Author Myles Wakeham
I'm having a bit of a challenge, and trying to re-think design, etc.
around this issue.

I have a web application that displays results in a grid format. Like
most web apps, I send down to the browser 'pages' of rows (ie. Page X of
Y), and let the user navigate forward or backwards through the rows.
Where possible I've tried to avoid this approach as I really have to
question if a user needs to see a list of results, rather than a better
search facility however in the case of chronological records (ie. Audit
Logs, etc.) there really isn't a way to give the user the visibility to
a series of events than to give them a list like this.

With that said, I ran into performance problems with data sets that were
100,000 rows or larger in storage. I access all data through stored
procedures, and in some cases my queries have 2-5 inner joins to other
tables. When I attempted to get all data, and then split it into pages
in PHP (my web app dev environment), its just too slow. I found out
quite a while back that the reason is that I was forcing the database to
return the entire result set to the PHP server app, so I changed my
design to allow the passing into the requesting stored procedure the
SKIP and no of rows returned values, and then dynamically build a query
to return that data set using FOR EXECUTE STATEMENT construct. This
works much better and I've seen performance increases of 50x as a result.

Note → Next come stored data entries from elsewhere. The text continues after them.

(* Let $K\subset\mathbb R^d$ be compact, $\varepsilon>0$, $r>0$ and $\mu\in\mathcal F(K)$. There exists $\delta>0$ such that every $\nu\in\mathcal P(K)$ with $L(\mu,\nu)<\delta$ satisfies $I_\nu(r,1)\le\log2+(1-\varepsilon)I_\mu(2r,1)$.
   Context: $\mathcal P(K)$ is the set of Borel probability measures on $K$, $\mathcal F(K)$ the subset of those with finite support. $L$ is the Fortet–Mourier metric $L(\mu,\nu)=\sup_f|\int fd\mu-\int fd\nu|$ over $f:K\to\mathbb R$ with $|f|\le1$ and Lipschitz constant $\le1$. $B(x,r)$ is the open ball and $I_\mu(r,1)=\int_K\log\mu(B(x,r))\,d\mu(x)$. *)

theory Defs
  imports "HOL-Probability.Probability"
begin

definition prob_measures_on :: "'a::euclidean_space set \<Rightarrow> 'a measure set" where
  "prob_measures_on K = {M. sets M = sets borel \<and> prob_space M \<and> measure M K = 1}"

definition finite_prob_measures_on :: "'a::euclidean_space set \<Rightarrow> 'a measure set" where
  "finite_prob_measures_on K =
     {M \<in> prob_measures_on K. \<exists>S. finite S \<and> S \<subseteq> K \<and> measure M S = 1}"

text \<open>Test functions for the Fortet--Mourier metric: functions on K bounded by 1 with
  Lipschitz constant at most 1 on K (values off K are irrelevant; integrals are taken
  of the function restricted to K).\<close>
definition FM_test :: "'a::euclidean_space set \<Rightarrow> ('a \<Rightarrow> real) set" where
  "FM_test K = {f. (\<forall>x\<in>K. \<bar>f x\<bar> \<le> 1) \<and> 1-lipschitz_on K f}"

definition FM_dist :: "'a::euclidean_space set \<Rightarrow> 'a measure \<Rightarrow> 'a measure \<Rightarrow> real" where
  "FM_dist K \<mu> \<nu> = (SUP f\<in>FM_test K.
      \<bar>(\<integral>x. f x * indicator K x \<partial>\<mu>) - (\<integral>x. f x * indicator K x \<partial>\<nu>)\<bar>)"

definition I_one :: "'a::euclidean_space measure \<Rightarrow> real \<Rightarrow> real" where
  "I_one \<mu> r = (\<integral>x. ln (measure \<mu> (ball x r)) \<partial>\<mu>)"

end

theory Submission
  imports Defs
begin

text \<open>Write \<open>\<mu> = \<Sum>\<^sub>s w\<^sub>s \<delta>\<^sub>s\<close>. Tent functions of height \<open>\<rho> \<le> 1\<close> are admissible test functions
  for \<open>L\<close>, so \<open>L(\<mu>,\<nu>) < \<eta>\<rho>\<close> transfers mass bounds between \<open>\<mu>\<close> and \<open>\<nu>\<close>:
  \<open>\<nu>(B(s,\<rho>)) \<ge> w\<^sub>s - \<eta>\<close> and \<open>\<nu>(B[s,2r-\<rho>]) \<le> \<mu>(B(s,2r)) + \<eta>\<close>. Once \<open>\<rho>\<close> is below half the
  minimal distance between atoms, the balls \<open>B(s,\<rho>)\<close> are disjoint, and \<open>B(x,r) \<subseteq> B[s,2r-\<rho>]\<close> for
  \<open>x \<in> B(s,\<rho>)\<close>; as \<open>log \<nu>(B(x,r)) \<le> 0\<close> everywhere, \<open>I\<^sub>\<nu>(r,1)\<close> is bounded by
  \<open>\<Sum>\<^sub>s \<nu>(B(s,\<rho>)) min(0, log(\<mu>(B(s,2r)) + \<eta>))\<close>. For small \<open>\<eta>\<close> this is at most
  \<open>log(3/2) + 1/4 + I\<^sub>\<mu>(2r,1) \<le> log 2 + I\<^sub>\<mu>(2r,1)\<close>, and \<open>I\<^sub>\<mu>(2r,1) \<le> 0\<close> absorbs the factor \<open>1 - \<epsilon>\<close>.\<close>

lemma prob_measures_onD:
  assumes "M \<in> prob_measures_on K"
  shows "prob_space M" "sets M = sets borel" "K \<in> sets M" "AE x in M. x \<in> K"
proof -
  have M: "prob_space M" "sets M = sets borel" and K1: "measure M K = 1"
    using assms by (auto simp: prob_measures_on_def)
  then show "prob_space M" "sets M = sets borel" by auto
  show "K \<in> sets M" using K1 measure_notin_sets by fastforce
  then show "AE x in M. x \<in> K"
    using K1 prob_space.AE_prob_1[OF M(1)] by blast
qed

There is one last part of this optimization issue though and it has to
do with getting the total number of rows found in the query. I
understand that using COUNT(*) is a bad idea. But in order to know how
many pages of data the user can browse through, I'm completely at a loss
as to how to get this number dynamically. Note that the user has the
option to filter the list down to a specific search criteria, so I can't
store the total number of rows through a trigger and get it this way
because I won't know their search criteria. Basically what I need to be
able to do is issue the query twice in the stored procedure - once to
get the total number of rows it would return, and secondly to return
only the set of rows that makes sense for their query. But I'm trying
to do this without a performance impact.

Can it be done? Are there any tricks to do this sort of thing?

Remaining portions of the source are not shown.